RECORDS FOR THIS EXERCISE Start Marker
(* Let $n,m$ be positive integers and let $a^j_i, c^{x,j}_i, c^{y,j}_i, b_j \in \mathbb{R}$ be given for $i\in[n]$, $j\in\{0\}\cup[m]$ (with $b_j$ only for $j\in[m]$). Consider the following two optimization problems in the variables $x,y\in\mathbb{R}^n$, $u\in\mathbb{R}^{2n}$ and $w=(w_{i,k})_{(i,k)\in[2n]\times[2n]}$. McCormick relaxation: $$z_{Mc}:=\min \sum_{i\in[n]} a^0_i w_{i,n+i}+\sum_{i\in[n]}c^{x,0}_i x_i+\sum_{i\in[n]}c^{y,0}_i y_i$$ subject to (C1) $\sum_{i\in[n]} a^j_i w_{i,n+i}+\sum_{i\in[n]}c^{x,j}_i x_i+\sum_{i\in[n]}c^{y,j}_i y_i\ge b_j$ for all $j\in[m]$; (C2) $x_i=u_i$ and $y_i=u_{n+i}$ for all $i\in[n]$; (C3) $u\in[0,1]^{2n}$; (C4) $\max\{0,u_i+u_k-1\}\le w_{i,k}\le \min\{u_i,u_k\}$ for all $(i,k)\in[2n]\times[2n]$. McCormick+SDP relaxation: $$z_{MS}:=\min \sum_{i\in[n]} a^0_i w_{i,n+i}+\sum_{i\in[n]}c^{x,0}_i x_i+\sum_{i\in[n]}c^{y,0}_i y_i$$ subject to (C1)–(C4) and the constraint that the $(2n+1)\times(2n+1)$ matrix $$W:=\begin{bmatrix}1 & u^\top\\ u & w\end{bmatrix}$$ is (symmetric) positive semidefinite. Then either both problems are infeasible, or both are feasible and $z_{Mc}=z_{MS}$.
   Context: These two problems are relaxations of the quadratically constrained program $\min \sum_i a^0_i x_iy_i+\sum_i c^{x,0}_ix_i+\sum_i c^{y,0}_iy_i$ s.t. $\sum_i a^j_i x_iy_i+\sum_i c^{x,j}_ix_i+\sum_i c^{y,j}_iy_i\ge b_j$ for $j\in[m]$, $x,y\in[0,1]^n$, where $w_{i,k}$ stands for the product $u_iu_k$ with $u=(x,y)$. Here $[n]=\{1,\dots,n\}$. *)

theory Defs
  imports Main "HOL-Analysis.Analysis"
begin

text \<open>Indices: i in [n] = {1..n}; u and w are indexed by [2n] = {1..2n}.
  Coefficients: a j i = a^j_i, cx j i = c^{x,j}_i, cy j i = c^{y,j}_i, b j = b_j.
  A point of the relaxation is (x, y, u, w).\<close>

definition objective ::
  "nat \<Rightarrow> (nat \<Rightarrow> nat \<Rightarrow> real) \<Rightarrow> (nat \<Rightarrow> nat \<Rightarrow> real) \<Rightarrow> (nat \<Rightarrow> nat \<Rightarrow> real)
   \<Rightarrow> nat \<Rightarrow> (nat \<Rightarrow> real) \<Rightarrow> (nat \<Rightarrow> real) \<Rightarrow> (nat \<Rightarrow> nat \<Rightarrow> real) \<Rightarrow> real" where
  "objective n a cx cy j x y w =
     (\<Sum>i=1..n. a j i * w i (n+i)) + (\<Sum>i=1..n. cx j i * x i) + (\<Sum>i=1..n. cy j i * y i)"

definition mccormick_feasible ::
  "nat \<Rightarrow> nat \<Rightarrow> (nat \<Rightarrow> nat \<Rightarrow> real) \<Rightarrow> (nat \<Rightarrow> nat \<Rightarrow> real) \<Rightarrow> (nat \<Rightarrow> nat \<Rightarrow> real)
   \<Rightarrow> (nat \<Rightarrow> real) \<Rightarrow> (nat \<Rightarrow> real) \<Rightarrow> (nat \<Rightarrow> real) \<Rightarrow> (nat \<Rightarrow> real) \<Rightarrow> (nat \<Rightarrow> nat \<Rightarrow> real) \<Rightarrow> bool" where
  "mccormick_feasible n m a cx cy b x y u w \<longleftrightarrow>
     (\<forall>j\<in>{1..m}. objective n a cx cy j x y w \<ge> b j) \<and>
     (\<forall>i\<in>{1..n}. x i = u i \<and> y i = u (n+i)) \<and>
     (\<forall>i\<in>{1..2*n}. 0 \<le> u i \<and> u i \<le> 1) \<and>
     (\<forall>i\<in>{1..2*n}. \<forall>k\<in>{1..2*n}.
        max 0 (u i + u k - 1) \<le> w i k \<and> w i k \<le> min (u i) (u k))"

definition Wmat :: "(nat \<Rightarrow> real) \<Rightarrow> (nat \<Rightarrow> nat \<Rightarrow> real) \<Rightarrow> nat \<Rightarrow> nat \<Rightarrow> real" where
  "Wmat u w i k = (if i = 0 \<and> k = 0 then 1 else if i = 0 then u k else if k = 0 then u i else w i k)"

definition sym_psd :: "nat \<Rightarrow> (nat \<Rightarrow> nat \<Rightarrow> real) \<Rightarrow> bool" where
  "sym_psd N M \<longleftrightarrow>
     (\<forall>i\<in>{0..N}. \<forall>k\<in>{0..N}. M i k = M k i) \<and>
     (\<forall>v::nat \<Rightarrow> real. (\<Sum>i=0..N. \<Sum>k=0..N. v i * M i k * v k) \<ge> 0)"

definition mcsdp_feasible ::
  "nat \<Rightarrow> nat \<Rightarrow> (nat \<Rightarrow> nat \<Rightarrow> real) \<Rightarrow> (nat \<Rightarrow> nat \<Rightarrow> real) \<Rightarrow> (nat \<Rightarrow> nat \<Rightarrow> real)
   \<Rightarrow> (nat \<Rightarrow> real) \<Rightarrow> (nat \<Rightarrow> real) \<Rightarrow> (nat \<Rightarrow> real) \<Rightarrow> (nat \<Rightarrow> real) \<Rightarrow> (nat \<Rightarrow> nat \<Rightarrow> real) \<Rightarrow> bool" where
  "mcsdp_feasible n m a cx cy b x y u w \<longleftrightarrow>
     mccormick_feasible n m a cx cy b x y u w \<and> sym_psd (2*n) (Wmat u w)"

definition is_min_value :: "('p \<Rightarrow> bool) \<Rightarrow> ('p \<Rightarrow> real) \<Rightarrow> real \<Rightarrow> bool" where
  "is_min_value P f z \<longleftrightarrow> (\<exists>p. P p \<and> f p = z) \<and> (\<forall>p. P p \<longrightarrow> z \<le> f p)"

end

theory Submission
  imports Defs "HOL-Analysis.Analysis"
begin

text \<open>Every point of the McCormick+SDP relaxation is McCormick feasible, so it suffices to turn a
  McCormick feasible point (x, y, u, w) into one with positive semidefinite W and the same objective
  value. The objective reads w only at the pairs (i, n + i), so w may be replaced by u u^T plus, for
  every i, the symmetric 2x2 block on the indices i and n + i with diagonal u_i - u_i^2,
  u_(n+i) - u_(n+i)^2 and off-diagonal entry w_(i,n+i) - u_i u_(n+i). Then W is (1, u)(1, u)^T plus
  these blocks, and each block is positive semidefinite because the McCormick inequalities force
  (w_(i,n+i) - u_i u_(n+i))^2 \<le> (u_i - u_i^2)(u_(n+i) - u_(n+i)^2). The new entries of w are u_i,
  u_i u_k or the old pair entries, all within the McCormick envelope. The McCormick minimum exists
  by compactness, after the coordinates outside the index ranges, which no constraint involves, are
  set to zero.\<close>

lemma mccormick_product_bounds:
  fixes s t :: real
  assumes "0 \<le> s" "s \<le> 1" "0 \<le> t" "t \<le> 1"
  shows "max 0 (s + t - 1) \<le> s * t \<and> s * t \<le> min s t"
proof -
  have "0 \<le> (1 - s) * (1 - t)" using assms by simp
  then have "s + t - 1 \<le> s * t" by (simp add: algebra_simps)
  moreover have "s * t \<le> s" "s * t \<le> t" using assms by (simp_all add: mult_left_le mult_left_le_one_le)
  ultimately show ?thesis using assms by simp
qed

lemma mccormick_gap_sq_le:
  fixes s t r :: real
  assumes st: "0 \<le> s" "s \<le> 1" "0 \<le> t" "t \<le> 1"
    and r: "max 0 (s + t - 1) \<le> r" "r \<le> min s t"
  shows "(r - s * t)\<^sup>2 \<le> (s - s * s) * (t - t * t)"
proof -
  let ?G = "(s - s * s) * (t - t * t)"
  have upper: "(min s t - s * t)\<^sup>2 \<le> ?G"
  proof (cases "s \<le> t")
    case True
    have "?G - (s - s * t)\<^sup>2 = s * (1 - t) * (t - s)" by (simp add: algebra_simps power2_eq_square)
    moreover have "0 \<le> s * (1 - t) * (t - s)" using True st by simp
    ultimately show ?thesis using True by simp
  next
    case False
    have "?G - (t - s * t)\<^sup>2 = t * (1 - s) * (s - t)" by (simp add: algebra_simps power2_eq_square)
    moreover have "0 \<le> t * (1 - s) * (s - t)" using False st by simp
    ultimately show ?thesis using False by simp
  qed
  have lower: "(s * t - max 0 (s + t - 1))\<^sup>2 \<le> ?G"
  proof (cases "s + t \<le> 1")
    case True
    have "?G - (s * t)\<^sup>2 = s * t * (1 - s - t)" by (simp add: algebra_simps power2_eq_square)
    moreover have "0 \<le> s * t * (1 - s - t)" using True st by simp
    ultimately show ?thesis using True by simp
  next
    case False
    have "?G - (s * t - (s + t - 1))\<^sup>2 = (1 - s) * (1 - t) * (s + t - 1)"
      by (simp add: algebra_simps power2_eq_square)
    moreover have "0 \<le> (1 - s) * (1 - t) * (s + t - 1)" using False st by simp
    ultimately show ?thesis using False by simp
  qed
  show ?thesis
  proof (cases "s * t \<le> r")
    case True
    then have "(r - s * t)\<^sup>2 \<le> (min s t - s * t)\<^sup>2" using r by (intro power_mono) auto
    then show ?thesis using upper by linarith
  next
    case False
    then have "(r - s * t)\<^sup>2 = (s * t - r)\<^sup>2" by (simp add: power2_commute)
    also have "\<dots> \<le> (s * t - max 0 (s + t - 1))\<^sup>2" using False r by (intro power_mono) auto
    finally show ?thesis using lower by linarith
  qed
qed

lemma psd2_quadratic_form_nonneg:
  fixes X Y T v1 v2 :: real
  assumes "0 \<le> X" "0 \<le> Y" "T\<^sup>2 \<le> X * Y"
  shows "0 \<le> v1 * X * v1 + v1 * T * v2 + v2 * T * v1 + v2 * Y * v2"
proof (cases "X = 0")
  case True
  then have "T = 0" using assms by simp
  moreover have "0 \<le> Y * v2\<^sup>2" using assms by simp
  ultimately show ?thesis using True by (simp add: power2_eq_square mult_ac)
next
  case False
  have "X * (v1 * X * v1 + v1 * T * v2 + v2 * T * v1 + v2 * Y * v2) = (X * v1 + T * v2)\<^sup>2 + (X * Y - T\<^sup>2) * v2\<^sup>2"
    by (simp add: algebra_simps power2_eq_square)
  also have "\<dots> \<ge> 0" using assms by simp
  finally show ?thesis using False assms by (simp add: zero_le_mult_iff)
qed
RECORDS FOR THIS EXERCISE End Marker
### WORK TO COMPLETE
Your answer should be the lines above that contain the word "lower", copied out.

### SOLUTION
  have lower: "(s * t - max 0 (s + t - 1))\<^sup>2 \<le> ?G"
    finally show ?thesis using lower by linarith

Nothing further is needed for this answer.